Lawson has served his time in several prisons around the state. Before coming to Twin Rivers, he helped establish a veterans program at the Washington State Reformatory at the Monroe complex and a religious program at Clallam Bay Corrections Center, McNamara said.
McNamara said Lawson accomplishes so much that it may take three men to fill his shoes after his release, tentatively scheduled for March 8, 2007.
Tuesday’s award ceremony, part of a meeting of the Twin Rivers Veterans Action Group, had the added poignancy of the date – the fifth anniversary of the Sept. 11, 2001, terrorist attacks.
One guest speaker was Army veteran Jim Botts, who works at a Monroe car dealership.
He told the inmates of an effort at work several years ago to send M&M’s candies to American forces in Iraq. “Two-and-a-half years later, I’m still getting letters thanking me,” Botts said. The horrors of Sept. 11, Botts said, “woke up volunteerism in America.”
“What about guys like you?” Botts asked the men. “The only thing you can do is support those who’ve been willing to fight.”
At the Vietnam Veterans of America national leadership conference this summer in Tucson, Ariz., there was no question about the award. Lawson was the standout, said Pace, the head of Washington state’s group.
Pace and other guests spoke to about 60 inmates, a group diverse in age, appearance and demeanor, but all with military service in common. They stood for the color guard, proudly said the Pledge of Allegiance, and respectfully listened to speakers in the chapel.

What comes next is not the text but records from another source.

text \<open>A plane embedding of the rooted tree, recorded through the induced left-to-right
  orders: lt is a strict linear order on each layer, and children of different parents
  are ordered as their parents are.\<close>
definition plane_order :: "'a set \<Rightarrow> 'a \<Rightarrow> ('a \<Rightarrow> 'a) \<Rightarrow> ('a \<Rightarrow> 'a \<Rightarrow> bool) \<Rightarrow> bool" where
  "plane_order V r par lt \<longleftrightarrow>
     (\<forall>n. (\<forall>u\<in>layer V r par n. \<not> lt u u) \<and>
          (\<forall>u\<in>layer V r par n. \<forall>v\<in>layer V r par n. \<forall>w\<in>layer V r par n.
              lt u v \<longrightarrow> lt v w \<longrightarrow> lt u w) \<and>
          (\<forall>u\<in>layer V r par n. \<forall>v\<in>layer V r par n. u = v \<or> lt u v \<or> lt v u)) \<and>
     (\<forall>n. \<forall>u\<in>layer V r par (Suc n). \<forall>v\<in>layer V r par (Suc n).
          par u \<noteq> par v \<longrightarrow> lt u v \<longrightarrow> lt (par u) (par v))"

definition consecutive :: "('a \<Rightarrow> 'a \<Rightarrow> bool) \<Rightarrow> 'a set \<Rightarrow> 'a \<Rightarrow> 'a \<Rightarrow> bool" where
  "consecutive lt L u v \<longleftrightarrow> lt u v \<and> \<not> (\<exists>w\<in>L. lt u w \<and> lt w v)"

definition layered_wheel :: "'a set \<Rightarrow> ('a \<Rightarrow> 'a \<Rightarrow> bool) \<Rightarrow> 'a \<Rightarrow> ('a \<Rightarrow> 'a)
    \<Rightarrow> ('a \<Rightarrow> 'a \<Rightarrow> bool) \<Rightarrow> bool" where
  "layered_wheel V E r par lt \<longleftrightarrow>
     graph V E \<and> rooted_tree V r par \<and> infinite V \<and> countable V \<and>
     (\<forall>v\<in>V. finite {u\<in>V. tadj r par v u}) \<and>
     plane_order V r par lt \<and>
     (\<forall>n. finite (layer V r par n) \<and>
        (\<forall>u\<in>layer V r par n. \<forall>v\<in>layer V r par n.
           E u v \<longleftrightarrow> consecutive lt (layer V r par n) u v \<or> consecutive lt (layer V r par n) v u)) \<and>
     (\<forall>u v. E u v \<and> depth r par u \<noteq> depth r par v \<longrightarrow> ancestor par u v \<or> ancestor par v u) \<and>
     (\<exists>b. \<forall>xs. distinct xs \<and> set xs \<subseteq> V \<and> successively (tadj r par) xs \<and>
          (\<forall>x\<in>set xs. tdeg V r par x = 2) \<longrightarrow> length xs \<le> b)"

definition proper_lw :: "'a set \<Rightarrow> ('a \<Rightarrow> 'a \<Rightarrow> bool) \<Rightarrow> 'a \<Rightarrow> ('a \<Rightarrow> 'a) \<Rightarrow> bool" where
  "proper_lw V E r par \<longleftrightarrow>
     (\<forall>i j. i \<noteq> j \<longrightarrow> (\<exists>u\<in>layer V r par i. \<exists>v\<in>layer V r par j. E u v))"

“When I see kids coming back from the war, I spot things. I spot trouble,” Pace told the men. “If we’d had vet centers and other help when you were coming back, some of you might not be here today.”
With his release next year, Lawson hopes to finish a college education he started in prison. He feels blessed to have supportive parents who have visited regularly. “My mom and dad have always been proud of me,” he said.
His goal could bring him back behind bars in a whole new capacity. “I want to start helping incarcerated veterans,” Lawson said. Judging by the reaction of the other men as Lawson accepted his plaque, he’s well on his way to that goal.
Clearly, I don’t know this man’s whole story. I know this: His years behind bars have not been wasted.